The doctor opened up his hands, soft and pink, hands like you found in a library. “Who knows? Maybe. Then again, you said you used to smoke. That's the surefire way to get lung cancer.”

“I got a boy,” Everett said. “He's gonna need me.”

“Then we better get going,” said the doctor. He looked down, and then up again. “But, Mr. Booker,” he said, “I can make you no guarantees. Now is the time to put your affairs in order. Write up a will, if you don't have one. Make sure your wife knows where your important papers are. And if there's any unfinished business with anyone who matters to you, now is the time to finish it.”

“You're saying I'm going to die.”

“I'm saying I don't know when,” he said. “I say this to all my patients. Take my advice. There's nothing to lose in this. With a little luck, you'll be organized and alive.”

III

D
IRK'S ARCHES ACHED,
standing around all day in shit-kicker boots popular with a certain type of brother in a certain type of business. Miles had even commented on them, and Dirk told him about a store on Grand River Avenue that would have his size, fourteen, which wasn't exactly Bob Lanier but it was big. Miles had ambition in heroin. He sensed a comeback. He'd apparently trained with remnants of YBI, and this meant he was likely to be a disciplined trafficker. He'd caught Dirk's attention because he was quiet, operated with a very small crew, and was said to move size, God knew how. Dirk promised Miles quantities equal to Miles's ambition; the goods would come over in trucks filled with auto parts made at a Delphi plant in Ontario. The story was Dirk's idea. Everyone, he told his boss, McMahon, believed that the auto industry had privilege at border crossings. Today he'd driven across the Ambassador Bridge and had Miles meet McMahon in Windsor. McMahon was hopeless for normal undercover work, but he was white bread enough, and nervous enough, to play a crooked Canadian with auto industry connections.

“Where'd you get a name like Miles?” Dirk asked while they waited in line at Canadian customs. Dirk was fishing; you never knew what would come out.

Miles looked over. “What's it to you?”

“Just wondered.”

“Where'd you get a name like Barry?”

From the FBI, Dirk thought. “My momma, after her pops,” he said.

Miles looked straight ahead. “I got mine from my momma, too.”

“You're the first brother I've ever met with that name,” Dirk said.

“That's 'cause my momma's white.”

“Wow. That's something,” Dirk said.

“She's a good woman, my mom. She'd have a heart attack, seeing me here with you.”
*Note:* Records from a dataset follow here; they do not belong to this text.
text \<open>Disjoint closed sets V(I), V(K) give x \<in> I, y \<in> K with x + y = 1; an idempotent
  separating x from y yields the complementary clopen sets D(e) and D(1 - e).\<close>
lemma idempotent_separation_imp_strongly_zero_dimensional:
  assumes sep: "idempotent_separation R"
  shows "strongly_zero_dimensional (MaxTop R)"
  unfolding strongly_zero_dimensional_def
proof (intro allI impI)
  fix A B assume AB: "closedin (MaxTop R) A \<and> closedin (MaxTop R) B \<and> A \<inter> B = {}"
  obtain I K where I: "ideal I R" "A = Vmax R I" and K: "ideal K R" "B = Vmax R K"
    using AB closedin_MaxTop by meson
  obtain x y where xy: "x \<in> I" "y \<in> K" "x \<oplus> y = \<one>"
    using comaximal_ideals[OF I(1) K(1)] AB I(2) K(2) unfolding Vmax_def by blast
  have "x \<in> carrier R" "y \<in> carrier R"
    using ideal.Icarr[OF I(1) xy(1)] ideal.Icarr[OF K(1) xy(2)] by simp_all
  then obtain e where "separating_idempotent R x y e"
    using sep xy(3) unfolding idempotent_separation_def by blast
  then have e: "e \<in> carrier R" "e \<ominus> e \<otimes> e \<in> jacobson R"
    and x_sep: "\<And>M. M \<in> MaxSpec R \<Longrightarrow> x \<in> M \<Longrightarrow> e \<notin> M"
    and y_sep: "\<And>M. M \<in> MaxSpec R \<Longrightarrow> y \<in> M \<Longrightarrow> e \<in> M"
    unfolding separating_idempotent_def by blast+
  note complement = idempotent_mod_jacobson_complement[OF e]
  show "\<exists>C1 C2. closedin (MaxTop R) C1 \<and> openin (MaxTop R) C1 \<and>
      closedin (MaxTop R) C2 \<and> openin (MaxTop R) C2 \<and> C1 \<inter> C2 = {} \<and> A \<subseteq> C1 \<and> B \<subseteq> C2"
  proof (intro exI conjI)
    show "closedin (MaxTop R) (Dmax R e)" "openin (MaxTop R) (Dmax R e)"
      using Dmax_clopen[OF e] by blast+
    show "closedin (MaxTop R) (Dmax R (\<one> \<ominus> e))" "openin (MaxTop R) (Dmax R (\<one> \<ominus> e))"
      using Dmax_clopen[OF _ complement(1)] e(1) by blast+
    show "Dmax R e \<inter> Dmax R (\<one> \<ominus> e) = {}" using complement(2) by blast
    show "A \<subseteq> Dmax R e" using I(2) xy(1) x_sep unfolding Vmax_def Dmax_def by blast
    show "B \<subseteq> Dmax R (\<one> \<ominus> e)" using K(2) xy(2) y_sep complement(2) unfolding Vmax_def Dmax_def by blast
  qed
qed

lemma strongly_zero_dimensional_iff_idempotent_separation:
  "strongly_zero_dimensional (MaxTop R) \<longleftrightarrow> idempotent_separation R"
  using strongly_zero_dimensional_imp_idempotent_separation
    idempotent_separation_imp_strongly_zero_dimensional by blast

text \<open>Hausdorffness comes for free, since points of Max(R) are closed.\<close>
lemma idempotent_separation_imp_Hausdorff:
  "idempotent_separation R \<Longrightarrow> Hausdorff_space (MaxTop R)"
  using strongly_zero_dimensional_imp_Hausdorff[OF _ closedin_MaxTop_point]
    idempotent_separation_imp_strongly_zero_dimensional by blast

end

section \<open>Condition (1): feckly clean rings\<close>

context cring
begin

text \<open>If a = e + u is a feckly clean decomposition and a + b = 1, then e separates a from b:
  a maximal ideal containing a and e would contain u = a - e, and one containing b and
  1 - e would contain u = (1 - e) - b.\<close>
lemma feckly_clean_elem_imp_separating_idempotent:
  assumes fc: "feckly_clean_elem R a" and b: "b \<in> carrier R" and ab: "a \<oplus> b = \<one>"
  shows "\<exists>e. separating_idempotent R a b e"
proof -
  obtain e u where e: "e \<in> carrier R" and u: "u \<in> carrier R" and "full R u" and a: "a = e \<oplus> u"
    and corner: "{e \<otimes> r \<otimes> (\<one> \<ominus> e) | r. r \<in> carrier R} \<subseteq> jacobson R"
    using fc unfolding feckly_clean_elem_def by blast
  then have u_avoids: "\<And>M. M \<in> MaxSpec R \<Longrightarrow> u \<notin> M" using full_iff_not_in_MaxSpec by blast
  have "e \<otimes> \<one> \<otimes> (\<one> \<ominus> e) = e \<ominus> e \<otimes> e" using e by algebra
  then have idem: "e \<ominus> e \<otimes> e \<in> jacobson R" using corner by force
  have u_eq: "u = a \<ominus> e" "u = (\<one> \<ominus> e) \<ominus> b"
  proof -
    show "u = a \<ominus> e" unfolding a using e u by algebra
    have "u = ((e \<oplus> u) \<oplus> b \<ominus> e) \<ominus> b" using e u b by algebra
    then show "u = (\<one> \<ominus> e) \<ominus> b" using a ab by simp
  qed
  have "separating_idempotent R a b e"
    unfolding separating_idempotent_def
  proof (intro conjI ballI impI e idem)
    fix M assume M: "M \<in> MaxSpec R"
    show "e \<notin> M" if "a \<in> M"
      using MaxSpec_minus[OF M that] u_eq(1) u_avoids[OF M] by blast
    show "e \<in> M" if "b \<in> M"
      using MaxSpec_minus[OF M _ that] u_eq(2) u_avoids[OF M]
        idempotent_mod_jacobson_split[OF e idem M] by blast
  qed
  then show ?thesis ..
qed

text \<open>Conversely, an idempotent e modulo J(R) separating a from 1 - a gives the
  feckly clean decomposition a = e + (a - e).\<close>
lemma separating_idempotent_imp_feckly_clean_elem:
  assumes a: "a \<in> carrier R" and sep: "separating_idempotent R a (\<one> \<ominus> a) e"
  shows "feckly_clean_elem R a"
proof -
  have e: "e \<in> carrier R" and idem: "e \<ominus> e \<otimes> e \<in> jacobson R"
    and a_sep: "\<And>M. M \<in> MaxSpec R \<Longrightarrow> a \<in> M \<Longrightarrow> e \<notin> M"
    and a'_sep: "\<And>M. M \<in> MaxSpec R \<Longrightarrow> \<one> \<ominus> a \<in> M \<Longrightarrow> e \<in> M"
    using sep unfolding separating_idempotent_def by blast+
  define u where "u = a \<ominus> e"
  have u: "u \<in> carrier R" unfolding u_def using a e by simp
  have a_eq: "a = e \<oplus> u" "a = u \<oplus> e" "\<one> \<ominus> a = (\<one> \<ominus> e) \<ominus> u"
    unfolding u_def using a e by algebra+
  have "u \<notin> M" if M: "M \<in> MaxSpec R" for M
  proof
    assume uM: "u \<in> M"
    show False
    proof (cases "e \<in> M")
      case True
      then show False using MaxSpec_add[OF M uM True] a_eq(2) a_sep[OF M] by simp
    next
      case False
      then have "\<one> \<ominus> e \<in> M" using idempotent_mod_jacobson_split[OF e idem M] by simp
      then show False using MaxSpec_minus[OF M _ uM] a_eq(3) a'_sep[OF M] False by simp
    qed
  qed
  then have "full R u" using full_iff_not_in_MaxSpec[OF u] by blast
  moreover have "e \<otimes> r \<otimes> (\<one> \<ominus> e) \<in> jacobson R" if r: "r \<in> carrier R" for r
  proof -
    have "e \<otimes> r \<otimes> (\<one> \<ominus> e) = (e \<ominus> e \<otimes> e) \<otimes> r" using e r by algebra
    then show ?thesis using jacobson_mult[OF idem r] by simp
  qed
  ultimately show ?thesis unfolding feckly_clean_elem_def using e u a_eq(1) by blast
qed

lemma feckly_clean_iff_idempotent_separation:
  "feckly_clean R \<longleftrightarrow> idempotent_separation R"
proof
  assume "feckly_clean R"
  then show "idempotent_separation R"
    unfolding feckly_clean_def idempotent_separation_def
    using feckly_clean_elem_imp_separating_idempotent by blast
next
  assume sep: "idempotent_separation R"
  have "feckly_clean_elem R a" if a: "a \<in> carrier R" for a
  proof -
    have "a \<oplus> (\<one> \<ominus> a) = \<one>" using a by algebra
    then obtain e where "separating_idempotent R a (\<one> \<ominus> a) e"
      using sep a unfolding idempotent_separation_def by blast
    then show ?thesis using separating_idempotent_imp_feckly_clean_elem[OF a] by blast
  qed
  then show "feckly_clean R" unfolding feckly_clean_def by blast
qed

end

section \<open>Conditions (3) and (4): factorizations through idempotents modulo J(R)\<close>

context cring
begin

text \<open>A separating idempotent e lets one write some 1 + a r as a multiple of e and
  some 1 + b s as a multiple of 1 - e, since a and e (resp. b and 1 - e) lie in no
  common maximal ideal.\<close>
lemma separating_idempotent_imp_factorization:
  assumes a: "a \<in> carrier R" and b: "b \<in> carrier R" and sep: "separating_idempotent R a b e"
  shows "\<exists>r\<in>carrier R. \<one> \<oplus> a \<otimes> r \<in> {e \<otimes> x | x. x \<in> carrier R}"
    and "\<exists>s\<in>carrier R. \<one> \<oplus> b \<otimes> s \<in> {(\<one> \<ominus> e) \<otimes> x | x. x \<in> carrier R}"
proof -
  have e: "e \<in> carrier R" and idem: "e \<ominus> e \<otimes> e \<in> jacobson R"
    and a_sep: "\<And>M. M \<in> MaxSpec R \<Longrightarrow> a \<in> M \<Longrightarrow> e \<notin> M"
    and b_sep: "\<And>M. M \<in> MaxSpec R \<Longrightarrow> b \<in> M \<Longrightarrow> e \<in> M"
    using sep unfolding separating_idempotent_def by blast+
  show "\<exists>r\<in>carrier R. \<one> \<oplus> a \<otimes> r \<in> {e \<otimes> x | x. x \<in> carrier R}"
    by (rule one_plus_multiple_in_principal[OF a e]) (use a_sep in blast)
  show "\<exists>s\<in>carrier R. \<one> \<oplus> b \<otimes> s \<in> {(\<one> \<ominus> e) \<otimes> x | x. x \<in> carrier R}"
  proof (rule one_plus_multiple_in_principal[OF b])
    show "\<one> \<ominus> e \<in> carrier R" using e by simp
    fix M assume "M \<in> MaxSpec R" "b \<in> M" "\<one> \<ominus> e \<in> M"
    then show False using b_sep idempotent_mod_jacobson_split[OF e idem] by blast
  qed
qed

lemma factorization_imp_separating_idempotent:
  assumes carr: "a \<in> carrier R" "b \<in> carrier R" "r \<in> carrier R" "s \<in> carrier R" "e \<in> carrier R"
    and fa: "\<one> \<oplus> a \<otimes> r \<in> {e \<otimes> x | x. x \<in> carrier R}"
    and fb: "\<one> \<oplus> b \<otimes> s \<in> {(\<one> \<ominus> e) \<otimes> x | x. x \<in> carrier R}"
    and idem: "e \<ominus> e \<otimes> e \<in> jacobson R"
  shows "separating_idempotent R a b e"
  unfolding separating_idempotent_def
proof (intro conjI ballI impI carr(5) idem)
  obtain x y where x: "x \<in> carrier R" "\<one> \<oplus> a \<otimes> r = e \<otimes> x"
    and y: "y \<in> carrier R" "\<one> \<oplus> b \<otimes> s = (\<one> \<ominus> e) \<otimes> y"
    using fa fb by blast
  fix M assume M: "M \<in> MaxSpec R"
  show "e \<notin> M" if "a \<in> M"
  proof
    assume "e \<in> M"
    then have "\<one> \<oplus> a \<otimes> r \<in> M" using MaxSpec_mult[OF M _ x(1)] x(2) by simp
    then show False using one_plus_multiple_notin[OF M carr(1) that carr(3)] by contradiction
  qed
  show "e \<in> M" if "b \<in> M"
  proof (rule ccontr)
    assume "e \<notin> M"
    then have "\<one> \<ominus> e \<in> M" using idempotent_mod_jacobson_split[OF carr(5) idem M] by simp
    then have "\<one> \<oplus> b \<otimes> s \<in> M" using MaxSpec_mult[OF M _ y(1)] y(2) by simp
    then show False using one_plus_multiple_notin[OF M carr(2) that carr(4)] by contradiction
  qed
qed

text \<open>The factorizations of condition (4) give the product condition of (3):
  (e x)((1 - e) y) = (e - e^2) x y.\<close>
lemma factorization_imp_product_in_jacobson:
  assumes e: "e \<in> carrier R"
    and fa: "p \<in> {e \<otimes> x | x. x \<in> carrier R}" and fb: "q \<in> {(\<one> \<ominus> e) \<otimes> x | x. x \<in> carrier R}"
    and idem: "e \<ominus> e \<otimes> e \<in> jacobson R"
  shows "p \<otimes> q \<in> jacobson R"
proof -
  obtain x y where x: "x \<in> carrier R" "p = e \<otimes> x" and y: "y \<in> carrier R" "q = (\<one> \<ominus> e) \<otimes> y"
    using fa fb by blast
  have "p \<otimes> q = (e \<ominus> e \<otimes> e) \<otimes> (x \<otimes> y)" unfolding x(2) y(2) using e x(1) y(1) by algebra
  then show ?thesis using jacobson_mult[OF idem] x(1) y(1) by simp
qed

lemma comaximal_idempotent_factorizationE:
  assumes fact: "comaximal_idempotent_factorization R"
    and a: "a \<in> carrier R" and b: "b \<in> carrier R" and ab: "a \<oplus> b = \<one>"
  obtains r s e where "r \<in> carrier R" "s \<in> carrier R" "e \<in> carrier R"
    "\<one> \<oplus> a \<otimes> r \<in> {e \<otimes> x | x. x \<in> carrier R}"
    "\<one> \<oplus> b \<otimes> s \<in> {(\<one> \<ominus> e) \<otimes> x | x. x \<in> carrier R}"
    "e \<ominus> e \<otimes> e \<in> jacobson R"
  using fact[unfolded comaximal_idempotent_factorization_def, rule_format, OF a b ab] that by blast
“Yeah,” Dirk said. “Mine would, too.”

“What you tell yours, when she asks you what you're doing all the time?”

“She's dead.”

“You're a lucky man,” Miles said.

• • •

D
IRK LOVED BEING
home. He loved the house, with its solid walls and wood floors, its open spaces. After a day on the streets, coming home was like getting back to the garden. He could hear his wife, Shelly, in the kitchen with their daughter. They were talking, conspiring maybe. He couldn't make it out, but he liked listening to them. Not much of a talker himself, Dirk liked the voices of women.

“Whatcha doing, Daddy?” Michelle called out, walking toward him now from the kitchen. It was shocking to look up sometimes and see how tall she'd become.

“Resting,” he answered.

“Long day.”

“Very,” he agreed.

“Mom wants to know if you want a drink.”

A minute later his daughter served him a vodka and soda, the perfect antidote to a day fighting drugs. He asked her about her schoolwork, if she wanted his help with her math. He would have helped, but he was thankful when she said no. He didn't want to move.

The phone rang. Shelly got it in the kitchen. He watched as Michelle stood perfectly still, listening.